Approved Research
Integrated omics to inform drug discovery and development
Approved Research ID: 150618
Approval date: December 7th 2023
Lay summary
Only one in every ten new medications studied by the pharmaceutical industry in early-stage clinical trials eventually make it to the patients that need them. Most often, these drugs fail to work in humans as they did in animal studies, and either do not produce the expected benefit or pose a safety concern. For this reason, a large proportion of investment is wasted on failed therapies, ultimately resulting in a higher cost for the drugs that do make it to market. This cost can be dramatically reduced if we make better use of available human-based data to determine whether drugs are likely to be safe and effective before investing time and money into those targets. Human genetic data allow us to do this. Because genes code for proteins, and most drug targets are proteins, natural genetic differences can be used as to represent what an intervention on that protein will look like. By investigating how these interventions influence a wide range of outcomes, we can determine whether the specific drug is likely to work, and whether any other traits we might not have expected will be affected by this drug as well. To do these analyses we require large datasets, like the UK Biobank and its linked electronic health records, that represent a diverse group of people across various lifestyles for whom genetic data and health outcomes over many years are available.

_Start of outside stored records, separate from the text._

(* Let $\{|\psi_v^A\rangle\otimes|\psi_v^B\rangle\}_{v=1}^r$ be a set of mutually orthogonal product states in $\mathcal H_A\otimes\mathcal H_B$ (finite-dimensional, all factors nonzero) with graphs $G_A$ and $G_B$. If there exist an integer $k\ge1$ and a graph $G$ on the vertex set $\{1,\dots,r\}$ with $G_A\le G\le\overline{G_B}$ such that $G$ is a $k$-tree, then the states are perfectly distinguishable by one-way LOCC with Alice measuring first.
   Context: $G_A$ has vertex set $\{1,\dots,r\}$ with an edge $\{u,v\}$ ($u\ne v$) iff $\langle\psi_u^A|\psi_v^A\rangle\ne0$; $G_B$ likewise with Bob's vectors; $\overline{G}$ is the complement graph; for graphs on the same vertex set, $H\le G$ means the edge set of $H$ is contained in that of $G$. A vertex is simplicial if its neighbourhood induces a complete graph. A perfect elimination ordering of a graph $G$ on $n$ vertices is an ordering $v_1,\dots,v_n$ of its vertices such that each $v_i$ is simplicial in the subgraph induced by $\{v_i,\dots,v_n\}$. $G$ is a $k$-tree if it has a perfect elimination ordering $v_1,\dots,v_n$ such that (1) for all $i<n-k$, $v_i$ has degree exactly $k$ in the subgraph induced by $\{v_i,\dots,v_n\}$, and (2) the subgraph induced by $\{v_{n-k},\dots,v_n\}$ is a complete graph on $k+1$ vertices. One-way LOCC with Alice first: there exist positive semidefinite $Q_1,\dots,Q_N$ on $\mathcal H_A$ with $\sum_jQ_j=I$ and, for each $j$, positive semidefinite $R^{(j)}_1,\dots,R^{(j)}_r$ on $\mathcal H_B$ with $\sum_kR^{(j)}_k=I$, such that $\langle\psi_l|Q_j\otimes R^{(j)}_k|\psi_l\rangle=0$ for all $j$ and $k\ne l$. *)

theory Defs
  imports "HOL-Analysis.Analysis"
begin

text \<open>Finite-dimensional complex Hilbert spaces are modelled as complex^'a for a finite
index type 'a (automatically nonzero-dimensional). Operators are complex^'a^'a.\<close>

definition cinner :: "complex^'a::finite \<Rightarrow> complex^'a \<Rightarrow> complex" where
  "cinner x y = (\<Sum>i\<in>UNIV. cnj (x $ i) * y $ i)"

definition psd :: "complex^'a::finite^'a \<Rightarrow> bool" where
  "psd M \<longleftrightarrow> (\<forall>x. Im (cinner x (M *v x)) = 0 \<and> Re (cinner x (M *v x)) \<ge> 0)"

definition tensor_vec :: "complex^'a::finite \<Rightarrow> complex^'b::finite \<Rightarrow> complex^('a \<times> 'b)" where
  "tensor_vec x y = (\<chi> p. x $ fst p * y $ snd p)"

definition tensor_mat :: "complex^'a::finite^'a \<Rightarrow> complex^'b::finite^'b \<Rightarrow> complex^('a \<times> 'b)^('a \<times> 'b)" where
  "tensor_mat A B = (\<chi> p q. A $ fst p $ fst q * B $ snd p $ snd q)"

definition graph_on :: "nat set \<Rightarrow> (nat \<Rightarrow> nat \<Rightarrow> bool) \<Rightarrow> bool" where
  "graph_on V G \<longleftrightarrow> (\<forall>u v. G u v \<longrightarrow> u \<in> V \<and> v \<in> V \<and> u \<noteq> v \<and> G v u)"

Our project will use data from the UK Biobank to investigate the potential effects of new medications and those already available in terms of three broad questions:
1) How does the disease [that this medication is prescribed for] work?
2) Which medications are most likely to help those with the disease (e.g., which medications are safe, how will we know it is working for a particular individual, which side-effects will it have, who will it work best for?)
3) What will the economic impact be of having this treatment/medication available?
Overall, this project aims to improve our understanding of what causes disease and how they can best be treated. This knowledge will inform better decisions about which medicines to further investigate and test in clinical trials, resulting in fewer failed investigations and less wasted money, ultimately resulting in more affordable medicines for the patients who need them.